* WORK TASK: Find every line of the records that has "close" and return it.

* Saved data entries:
(* Let $n\geq 1$. There is no non-trivial u-p-cycle $u=u_1\cdots u_N$ for $n$-permutations in which the $\Diamond$'s occur periodically with period $3$, i.e., in which $3$ divides $N$ and there is $r\in\{0,1,2\}$ such that for every position $i$, $u_i=\Diamond$ if and only if $i\equiv r\pmod 3$.
   Context: An $n$-permutation is a permutation of $\{1,\ldots,n\}$. For a word $w$ of distinct numbers, $\mathrm{red}(w)$ is obtained by replacing the $i$-th smallest letter by $i$. Let $\Diamond$ be a symbol not among the integers. A word $f=f_1\cdots f_n$ over the positive integers together with $\Diamond$, whose integer letters are pairwise distinct, covers an $n$-permutation $\pi$ if one can substitute real numbers for the occurrences of $\Diamond$ (independently) so that the resulting word has $n$ pairwise distinct entries and reduces to $\pi$; equivalently, $f_i<f_j\iff\pi_i<\pi_j$ for all positions $i,j$ holding integers. A u-p-cycle for $n$-permutations is a cyclic word $u_1\cdots u_N$, $N\geq n$, over this alphabet containing at least one $\Diamond$, indices read modulo $N$, such that each of its $N$ cyclic factors $u_iu_{i+1}\cdots u_{i+n-1}$ ($1\leq i\leq N$) has pairwise distinct integer letters and every $n$-permutation is covered by exactly one of these factors. It is trivial if all its letters are $\Diamond$. *)

theory Defs
  imports Complex_Main
begin

text \<open>Letters: \<open>None\<close> is the symbol Diamond, \<open>Some k\<close> (k \<ge> 1) is the positive integer k.
  Words are lists; positions are 0-indexed.\<close>

type_synonym letter = "nat option"

definition is_perm :: "nat \<Rightarrow> nat list \<Rightarrow> bool" where
  "is_perm n \<pi> \<longleftrightarrow> length \<pi> = n \<and> distinct \<pi> \<and> set \<pi> = {1..n}"

definition reduces_to :: "real list \<Rightarrow> nat list \<Rightarrow> bool" where
  "reduces_to w \<pi> \<longleftrightarrow> length w = length \<pi> \<and>
     (\<forall>i<length w. \<forall>j<length w. w ! i < w ! j \<longleftrightarrow> \<pi> ! i < \<pi> ! j)"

* RESPONSE TO THE TASK:
text \<open>Letters: \<open>None\<close> is the symbol Diamond, \<open>Some k\<close> (k \<ge> 1) is the positive integer k.
  Words are lists; positions are 0-indexed.\<close>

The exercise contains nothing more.